_PROBLEM DETAILS_
The string "intro" appears in some lines of the entries that follow; copy each such line.

_SOURCE DATA_
lemma qval_pos: assumes "d \<in> Omega M" "1 < q" "inf_nonzero d" shows "0 < qval q d"
proof -
  obtain n where "d n \<noteq> 0" using assms(3) unfolding inf_nonzero_def by blast
  then show ?thesis unfolding qval_def using assms
    by (intro suminf_pos2[OF summable_qval[OF assms(1,2)], of n]) auto
qed

lemma qval_le: assumes "d \<in> Omega M" "1 < q" shows "qval q d \<le> real M / (q - 1)"
proof -
  have "qval q d \<le> (\<Sum>i. (real M / q) * (1/q)^i)"
    unfolding qval_def
  proof (rule suminf_le[OF _ summable_qval[OF assms]])
    show "summable (\<lambda>i. (real M / q) * (1/q)^i)"
      using assms by (intro summable_mult summable_geometric) auto
    fix n
    have "d n \<le> M" using assms by (auto simp: Omega_def)
    then show "real (d n) / q ^ Suc n \<le> real M / q * (1 / q) ^ n"
      using assms by (auto simp: power_divide divide_right_mono field_simps)
  qed
  also have "\<dots> = real M / q * (1 / (1 - 1/q))"
    using assms by (subst suminf_mult) (auto intro!: summable_geometric simp: suminf_geometric)
  also have "\<dots> = real M / (q - 1)" using assms by (simp add: field_simps)
  finally show ?thesis .
qed

lemma qval_le_one_at_Mp1: assumes "d \<in> Omega M" shows "qval (real M + 1) d \<le> 1"
proof (cases "M = 0")
  case True
  then have "d = (\<lambda>_. 0)" using assms by (auto simp: Omega_def)
  then show ?thesis by (simp add: qval_def)
next
  case False
  then show ?thesis using qval_le[OF assms, of "real M + 1"] by simp
qed

text \<open>Taking $\lceil q r\rceil - 1$ rather than $\lfloor q r\rfloor$ as the next digit keeps every
  remainder $r$ positive, so this algorithm produces the quasi-greedy expansion.\<close>

primrec greedy_rem :: "real \<Rightarrow> nat \<Rightarrow> real" where
  "greedy_rem q 0 = 1"
| "greedy_rem q (Suc n) = q * greedy_rem q n - of_int (\<lceil>q * greedy_rem q n\<rceil> - 1)"

definition greedy :: "real \<Rightarrow> nat \<Rightarrow> nat" where
  "greedy q n = nat (\<lceil>q * greedy_rem q n\<rceil> - 1)"

lemma greedy_rem_bounds: "1 < q \<Longrightarrow> 0 < greedy_rem q n \<and> greedy_rem q n \<le> 1"
proof (induction n)
  case (Suc n)
  then have "0 < q * greedy_rem q n" by auto
  then show ?case by (simp, linarith)
qed simp

lemma greedy_real: assumes "1 < q" shows "real (greedy q n) = of_int (\<lceil>q * greedy_rem q n\<rceil> - 1)"
proof -
  have "0 < q * greedy_rem q n" using greedy_rem_bounds[OF assms] assms by auto
  then have "\<lceil>q * greedy_rem q n\<rceil> \<ge> 1" by linarith
  then show ?thesis unfolding greedy_def by simp
qed

lemma greedy_rem_Suc: "1 < q \<Longrightarrow> greedy_rem q (Suc n) = q * greedy_rem q n - real (greedy q n)"
  by (simp add: greedy_real)

lemma greedy_ceiling: "1 < q \<Longrightarrow> q * greedy_rem q n \<le> real (greedy q n) + 1"
  by (simp add: greedy_real)

lemma greedy_le: assumes "1 < q" "q \<le> real M + 1" shows "greedy q n \<le> M"
proof -
  have "q * greedy_rem q n \<le> q * 1" using greedy_rem_bounds[OF assms(1), of n] assms
    by (intro mult_left_mono) auto
  then have "q * greedy_rem q n \<le> real M + 1" using assms by linarith
  then have "\<lceil>q * greedy_rem q n\<rceil> \<le> int M + 1" by linarith
  then show ?thesis unfolding greedy_def by simp
qed

lemma greedy_partial_sum: "1 < q \<Longrightarrow>
  (\<Sum>i<n. real (greedy q i) / q ^ Suc i) = 1 - greedy_rem q n / q ^ n"
proof (induction n)
  case (Suc n)
  have "(\<Sum>i<Suc n. real (greedy q i) / q ^ Suc i) = (1 - greedy_rem q n / q^n) + real (greedy q n)/q^Suc n"
    using Suc by simp
  also have "\<dots> = 1 - (q*greedy_rem q n - real (greedy q n))/q^Suc n" using Suc.prems
    by (simp add: field_simps)
  finally show ?case using greedy_rem_Suc[OF Suc.prems] by (simp del: greedy_rem.simps(2))
qed simp

lemma greedy_Omega: "1 < q \<Longrightarrow> q \<le> real M + 1 \<Longrightarrow> greedy q \<in> Omega M"
  using greedy_le by (auto simp: Omega_def)

lemma qval_greedy: assumes "1 < q" "q \<le> real M + 1" shows "qval q (greedy q) = 1"
proof -
  have "(\<lambda>n. greedy_rem q n / q ^ n) \<longlonglongrightarrow> 0"
  proof (rule real_tendsto_sandwich[of "\<lambda>n. 0" _ _ "\<lambda>n. (1/q)^n"])
    show "\<forall>\<^sub>F n in sequentially. greedy_rem q n / q ^ n \<le> (1 / q) ^ n"
      using greedy_rem_bounds[OF assms(1)] assms by (auto simp: power_divide divide_right_mono)
    show "\<forall>\<^sub>F n in sequentially. 0 \<le> greedy_rem q n / q ^ n"
      using greedy_rem_bounds[OF assms(1)] assms by (auto intro!: always_eventually divide_nonneg_pos less_imp_le)
    show "(\<lambda>n. (1 / q) ^ n) \<longlonglongrightarrow> 0" using assms by (intro LIMSEQ_power_zero) auto
  qed simp
  then have "(\<lambda>n. 1 - greedy_rem q n / q ^ n) \<longlonglongrightarrow> 1 - 0" by (intro tendsto_intros)
  then have "(\<lambda>i. real (greedy q i) / q ^ Suc i) sums 1"
    unfolding sums_def using greedy_partial_sum[OF assms(1)] by simp
  then show ?thesis unfolding qval_def by (rule sums_unique[symmetric])
qed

_ANSWER SPACE_
    by (intro suminf_pos2[OF summable_qval[OF assms(1,2)], of n]) auto
      using assms by (intro summable_mult summable_geometric) auto
    using assms by (subst suminf_mult) (auto intro!: summable_geometric simp: suminf_geometric)
    by (intro mult_left_mono) auto
      using greedy_rem_bounds[OF assms(1)] assms by (auto intro!: always_eventually divide_nonneg_pos less_imp_le)
    show "(\<lambda>n. (1 / q) ^ n) \<longlonglongrightarrow> 0" using assms by (intro LIMSEQ_power_zero) auto
  then have "(\<lambda>n. 1 - greedy_rem q n / q ^ n) \<longlonglongrightarrow> 1 - 0" by (intro tendsto_intros)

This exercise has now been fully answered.